Is yoga fun for you? Do you enjoy coming to your mat each day? Sure, some days resistance pops its head up, but overall, I love my practice. I love my yoga practice the most when I really listen to what my body is telling me, and trust the inner wisdom that guides me through movement, and yes, into stillness.
Recently, I came across this bit from Erich Schiffman:
“Be clear about this: If you start not liking the stretch for any reason, then move out of the pose until you find a place you do like. Reasons for not liking where you are can be physical or psychological. You may be stretching the muscle too much, or you may not be in the mood. Either reason is valid. Never be in a place you don’t want to be. If you do not like it, change it. Adjust. Find the degree of stretch you can totally immerse yourself in.” (italics his)
— from The Spirit and Practice of Moving into Stillness, by Erich Shiffman
Good advice whether you are speaking of a stretch or a strength pose. Find the degree of the pose that you can immerse yourself in. Be kind to yourself!
This advice hit me at a moment when I needed it most. I had been berating myself for suddenly not liking the ashtanga style of yoga practice. I stopped going to the Mysore classes, and pretty much stopped doing yoga for a while. I was no longer having fun. I was pushing myself too hard when it was not what my body (or my spirit!) needed. When I read the above passage, I got it. I had forgotten about the concept of Ahimsa.
Most yoga styles claim the lineage of Patanjali, who is said to be the author of an ancient sacred text called The Yoga Sutras. This text describes the eight “limbs” or steps of yoga, not just as exercise, but as a philosophy that underlies yoga and indeed all of life. In fact, the name Ashtanga means “Eight Limbs.” The first two limbs described in the text are the yamas and the niyamas, and are considered to be ethical precepts, or guidelines as to how we should behave toward ourselves, each other, and the environment.
There are five defined yamas, or personal morals/characteristics, the first of which is Ahimsa.
Ahimsa is often defined as non-violence. I think of it as the guiding principle in health care: First, Do No Harm. In general, it means to be kind, to be considerate, and to think of how your actions will affect the people and things around you.
In hatha yoga, it also means to be kind to yourself, to your body, to your energy.
We need to listen to the energy systems within our body. Sometimes, energy is low, and simple stretching and restorative yoga are what are called for. Other times, energy levels are high and we want to ramp up the intensity and see just how far we can push ourselves. Pushing further into intensity when you really want to is very different from pushing yourself when your physical and mental bodies really don’t feel like being there.
What was happening for me when I stopped enjoying my yoga was that I was pushing myself further into the intensity when I was not capable of that level of energy. I was trying to force my way into the poses. Maybe my body WAS ready, as I was told, but my energy was not. That distinction matters. We NEED to listen to the wisdom inherent in our bodies.

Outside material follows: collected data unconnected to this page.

definition is_AB_path :: "'v set \<Rightarrow> 'e set \<Rightarrow> ('e \<Rightarrow> 'v set) \<Rightarrow> 'v set \<Rightarrow> 'v set \<Rightarrow> ('v,'e) path \<Rightarrow> bool" where
  "is_AB_path V E ends A B P \<longleftrightarrow>
     is_path V E ends P \<and> hd (fst P) \<in> A \<and> last (fst P) \<in> B"

definition edge_disjoint :: "('v,'e) path \<Rightarrow> ('v,'e) path \<Rightarrow> bool" where
  "edge_disjoint P Q \<longleftrightarrow> set (snd P) \<inter> set (snd Q) = {}"

text \<open>Internal positions of a path with s vertices are 1..s-2 (0-based).\<close>
definition internal_index :: "('v,'e) path \<Rightarrow> nat \<Rightarrow> bool" where
  "internal_index P i \<longleftrightarrow> 0 < i \<and> Suc i < length (fst P)"

definition aligned :: "('v,'e) path \<Rightarrow> ('v,'e) path \<Rightarrow> bool" where
  "aligned P Q \<longleftrightarrow>
     (\<forall>i1 i2 j1 j2. internal_index P i1 \<and> internal_index P i2 \<and>
        internal_index Q j1 \<and> internal_index Q j2 \<and>
        fst P ! i1 = fst Q ! j1 \<and> fst P ! i2 = fst Q ! j2 \<and>
        fst P ! i1 \<noteq> fst P ! i2 \<longrightarrow>
        (int i1 - int i2) * (int j1 - int j2) > 0)"

end

theory Submission
  imports Defs
begin

text \<open>Among all systems of k pairwise edge-disjoint AB-paths in the union of the given
  paths, choose one of minimum total length. If two of its paths P and Q meet in vertices u, v
  in opposite orders, say u before v on P but v before u on Q, then P up to u followed by Q
  after u, and Q up to v followed by P after v, are two edge-disjoint AB-walks that together
  miss the P-segment from u to v and the Q-segment from v to u. Shortcutting them to paths
  yields a system of strictly smaller total length.\<close>

fun walk :: "'e set \<Rightarrow> ('e \<Rightarrow> 'v set) \<Rightarrow> 'v list \<Rightarrow> 'e list \<Rightarrow> bool" where
  "walk E ends [x] [] = True"
| "walk E ends (x#y#xs) (e#es) = (e \<in> E \<and> ends e = {x,y} \<and> walk E ends (y#xs) es)"
| "walk E ends _ _ = False"

lemma walk_iff: "walk E ends xs es \<longleftrightarrow> length xs = Suc (length es) \<and>
   (\<forall>i<length es. es!i \<in> E \<and> ends (es!i) = {xs!i, xs!Suc i})"
  by (induction E ends xs es rule: walk.induct) (auto simp: All_less_Suc2)

lemma walk_Cons: "walk E ends (x#xs) (e#es) \<longleftrightarrow> xs \<noteq> [] \<and> e \<in> E \<and> ends e = {x, hd xs} \<and> walk E ends xs es"
  by (cases xs) auto

lemma walk_Nil2: "walk E ends (x#xs) [] \<longleftrightarrow> xs = []"
  by (cases xs) auto

lemma walk_app: "walk E ends (as@[x]) es1 \<Longrightarrow> walk E ends (x#bs) es2 \<Longrightarrow> walk E ends (as@x#bs) (es1@es2)"
proof (induction as arbitrary: es1)
  case Nil
  then show ?case by (cases es1) (auto simp: walk_Cons)
next
  case (Cons a as)
  then show ?case by (cases es1) (auto simp: walk_Cons walk_Nil2 hd_append)
qed

lemma walk_take: "walk E ends xs es \<Longrightarrow> i \<le> length es \<Longrightarrow> walk E ends (take (Suc i) xs) (take i es)"
  by (auto simp: walk_iff)

lemma walk_drop: "walk E ends xs es \<Longrightarrow> i \<le> length es \<Longrightarrow> walk E ends (drop i xs) (drop i es)"
  by (auto simp: walk_iff)

lemma walk_splice:
  assumes "walk E ends xs es" "walk E ends ys fs" "i < length xs" "j < length ys" "xs!i = ys!j"
  shows "walk E ends (take (Suc i) xs @ drop (Suc j) ys) (take i es @ drop j fs)"
proof -
  have l: "length xs = Suc (length es)" "length ys = Suc (length fs)" using assms by (auto simp: walk_iff)
  have "walk E ends (take i xs @ [xs!i]) (take i es)"
    using walk_take[OF assms(1), of i] assms l by (simp add: take_Suc_conv_app_nth)
  moreover have "walk E ends (ys!j # drop (Suc j) ys) (drop j fs)"
    using walk_drop[OF assms(2), of j] assms l by (simp add: Cons_nth_drop_Suc)
  ultimately have "walk E ends (take i xs @ ys!j # drop (Suc j) ys) (take i es @ drop j fs)"
    using assms(5) walk_app by metis
  then show ?thesis using assms by (simp add: take_Suc_conv_app_nth)
qed

lemma last_splice:
  assumes "i < length xs" "j < length ys" "xs!i = ys!j"
  shows "last (take (Suc i) xs @ drop (Suc j) ys) = last ys"
proof (cases "Suc j < length ys")
  case True then show ?thesis by simp
next
  case False
  then have "j = length ys - 1" using assms by simp
  moreover have "ys \<noteq> []" using assms by auto
  ultimately show ?thesis using assms by (simp add: last_conv_nth[of ys] take_Suc_conv_app_nth)
qed

lemma hd_splice: "xs \<noteq> [] \<Longrightarrow> hd (take (Suc i) xs @ zs) = hd xs"
  by (cases xs) auto

lemma walk_shortcut_to_path:
  "walk E ends xs es \<Longrightarrow> distinct es \<Longrightarrow> \<exists>ys fs. walk E ends ys fs \<and> distinct ys \<and> distinct fs \<and>
     hd ys = hd xs \<and> last ys = last xs \<and> set ys \<subseteq> set xs \<and> set fs \<subseteq> set es \<and> length fs \<le> length es"
proof (induction "length xs" arbitrary: xs es rule: less_induct)
  case less
  show ?case
  proof (cases "distinct xs")
    case True then show ?thesis using less.prems by blast
  next
    case False
    then obtain i j where ij: "i < j" "j < length xs" "xs!i = xs!j"
      by (metis distinct_conv_nth linorder_neqE_nat)
    have l: "length xs = Suc (length es)" using less.prems by (auto simp: walk_iff)
    define xs' where "xs' = take (Suc i) xs @ drop (Suc j) xs"
    define es' where "es' = take i es @ drop j es"
    have w: "walk E ends xs' es'" unfolding xs'_def es'_def
      using walk_splice[OF less.prems(1) less.prems(1)] ij by simp
    have d: "distinct es'" unfolding es'_def using less.prems(2) ij
      by (simp add: set_take_disj_set_drop_if_distinct)
    have len: "length xs' < length xs" unfolding xs'_def using ij by simp
    from less.hyps[OF len w d] obtain ys fs where
      r: "walk E ends ys fs \<and> distinct ys \<and> distinct fs \<and>
     hd ys = hd xs' \<and> last ys = last xs' \<and> set ys \<subseteq> set xs' \<and> set fs \<subseteq> set es' \<and> length fs \<le> length es'"
      by blast
    have "xs \<noteq> []" using ij by auto
    have "hd xs' = hd xs" unfolding xs'_def using \<open>xs \<noteq> []\<close> by (rule hd_splice)
    moreover have "last xs' = last xs" unfolding xs'_def using ij by (intro last_splice) auto
    moreover have "set xs' \<subseteq> set xs" unfolding xs'_def by (auto dest: in_set_takeD in_set_dropD)
    moreover have "set es' \<subseteq> set es" unfolding es'_def by (auto dest: in_set_takeD in_set_dropD)
    moreover have "length es' \<le> length es" unfolding es'_def using ij l by simp
    ultimately show ?thesis using r by (metis order_trans)
  qed
qed

lemma is_path_iff_walk: "is_path V E ends P \<longleftrightarrow> walk E ends (fst P) (snd P) \<and> distinct (fst P) \<and> distinct (snd P) \<and> set (fst P) \<subseteq> V"
  by (auto simp: is_path_def walk_iff Let_def)

lemma walk_not_Nil: "walk E ends xs es \<Longrightarrow> xs \<noteq> []"
  by (auto simp: walk_iff)

lemma AB_path_via_common_vertex:
  assumes P: "is_AB_path V E ends A B (xs,es)" and Q: "is_AB_path V E ends A B (ys,fs)"
    and dis: "set es \<inter> set fs = {}"
    and "a < length xs" "d < length ys" "xs!a = ys!d"
  shows "\<exists>P'. is_AB_path V E ends A B P' \<and> set (snd P') \<subseteq> set (take a es) \<union> set (drop d fs)
     \<and> length (snd P') \<le> a + (length fs - d)"
proof -
  have wP: "walk E ends xs es" "distinct es" "set xs \<subseteq> V" "hd xs \<in> A" using P by (auto simp: is_AB_path_def is_path_iff_walk)
  have wQ: "walk E ends ys fs" "distinct fs" "set ys \<subseteq> V" "last ys \<in> B" using Q by (auto simp: is_AB_path_def is_path_iff_walk)
  have l: "length xs = Suc (length es)" "length ys = Suc (length fs)" using wP wQ by (auto simp: walk_iff)
  define ws where "ws = take (Suc a) xs @ drop (Suc d) ys"
  define gs where "gs = take a es @ drop d fs"
  have w: "walk E ends ws gs" unfolding ws_def gs_def using walk_splice[OF wP(1) wQ(1)] assms by simp
  have dg: "distinct gs" unfolding gs_def using wP(2) wQ(2) dis
    by (auto dest: in_set_takeD in_set_dropD)
  from walk_shortcut_to_path[OF w dg] obtain zs hs where r: "walk E ends zs hs" "distinct zs" "distinct hs"
     "hd zs = hd ws" "last zs = last ws" "set zs \<subseteq> set ws" "set hs \<subseteq> set gs" "length hs \<le> length gs" by blast
  have "hd ws = hd xs" unfolding ws_def using walk_not_Nil[OF wP(1)] by (rule hd_splice)
  moreover have "last ws = last ys" unfolding ws_def using assms by (intro last_splice) auto
  moreover have "set ws \<subseteq> V" unfolding ws_def using wP(3) wQ(3) by (auto dest: in_set_takeD in_set_dropD)
  moreover have "length gs = min a (length es) + (length fs - d)" unfolding gs_def by simp
  ultimately show ?thesis using r wP wQ
    by (intro exI[of _ "(zs,hs)"]) (auto simp: is_AB_path_def is_path_iff_walk gs_def)
qed

lemma uncross_AB_paths:
  assumes P: "is_AB_path V E ends A B (xs,es)" and Q: "is_AB_path V E ends A B (ys,fs)"
    and dis: "set es \<inter> set fs = {}"
    and ab: "a < b" "b < length xs" and cd: "c < d" "d < length ys" and eq: "xs!a = ys!d" "xs!b = ys!c"
  shows "\<exists>P' Q'. is_AB_path V E ends A B P' \<and> is_AB_path V E ends A B Q' \<and>
     set (snd P') \<union> set (snd Q') \<subseteq> set es \<union> set fs \<and> set (snd P') \<inter> set (snd Q') = {} \<and>
     length (snd P') + length (snd Q') < length es + length fs"
proof -
  have wP: "distinct es" "length xs = Suc (length es)" using P by (auto simp: is_AB_path_def is_path_iff_walk walk_iff)
  have wQ: "distinct fs" "length ys = Suc (length fs)" using Q by (auto simp: is_AB_path_def is_path_iff_walk walk_iff)
  have a_l: "a < length xs" and c_l: "c < length ys" using ab cd by auto
  have dis': "set fs \<inter> set es = {}" using dis by blast
  have eq': "ys!c = xs!b" using eq by simp
  obtain P' where p: "is_AB_path V E ends A B P'" "set (snd P') \<subseteq> set (take a es) \<union> set (drop d fs)"
     "length (snd P') \<le> a + (length fs - d)"
    using AB_path_via_common_vertex[OF P Q dis a_l cd(2) eq(1)] by blast
  obtain Q' where q: "is_AB_path V E ends A B Q'" "set (snd Q') \<subseteq> set (take c fs) \<union> set (drop b es)"
     "length (snd Q') \<le> c + (length es - b)"
    using AB_path_via_common_vertex[OF Q P dis' c_l ab(2) eq'] by blast
  have d1: "set (take a es) \<inter> set (drop b es) = {}" using wP ab by (simp add: set_take_disj_set_drop_if_distinct)
  have d2: "set (take c fs) \<inter> set (drop d fs) = {}" using wQ cd by (simp add: set_take_disj_set_drop_if_distinct)
  have e1: "set (take a es) \<inter> set (take c fs) = {}" using dis by (auto dest: in_set_takeD)
  have e2: "set (drop d fs) \<inter> set (drop b es) = {}" using dis by (auto dest: in_set_dropD)
  have "set (snd P') \<inter> set (snd Q') = {}"
    using p(2) q(2) d1 d2 e1 e2 by blast
  moreover have "set (snd P') \<union> set (snd Q') \<subseteq> set es \<union> set fs" using p(2) q(2)
    by (auto dest: in_set_takeD in_set_dropD)
  moreover have "length (snd P') + length (snd Q') < length es + length fs"
    using p(3) q(3) ab cd wP wQ by linarith
  ultimately show ?thesis using p q by blast
qed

I still love the Mysore style of Astanga as a practice, however I have learned that I cannot push myself in that way every day. It is important for me to push when the energy is there, and to honor my truth when it is not there. I need to balance my practice with restorative and intuitive work in addition to the work that involves strong precision and intensity.
More and more, as my body goes through its own changes, I am aware of the importance of ahimsa. Be Kind, goes the saying, for everyone you meet is fighting a hard battle. Some days, its the hard battle in my own body, and it’s me I need to be kind to. Kindness, after all, begins with ourselves. When we learn compassion on the mat, we are more able to be compassionate with those outside of ourselves, in situations off the mat.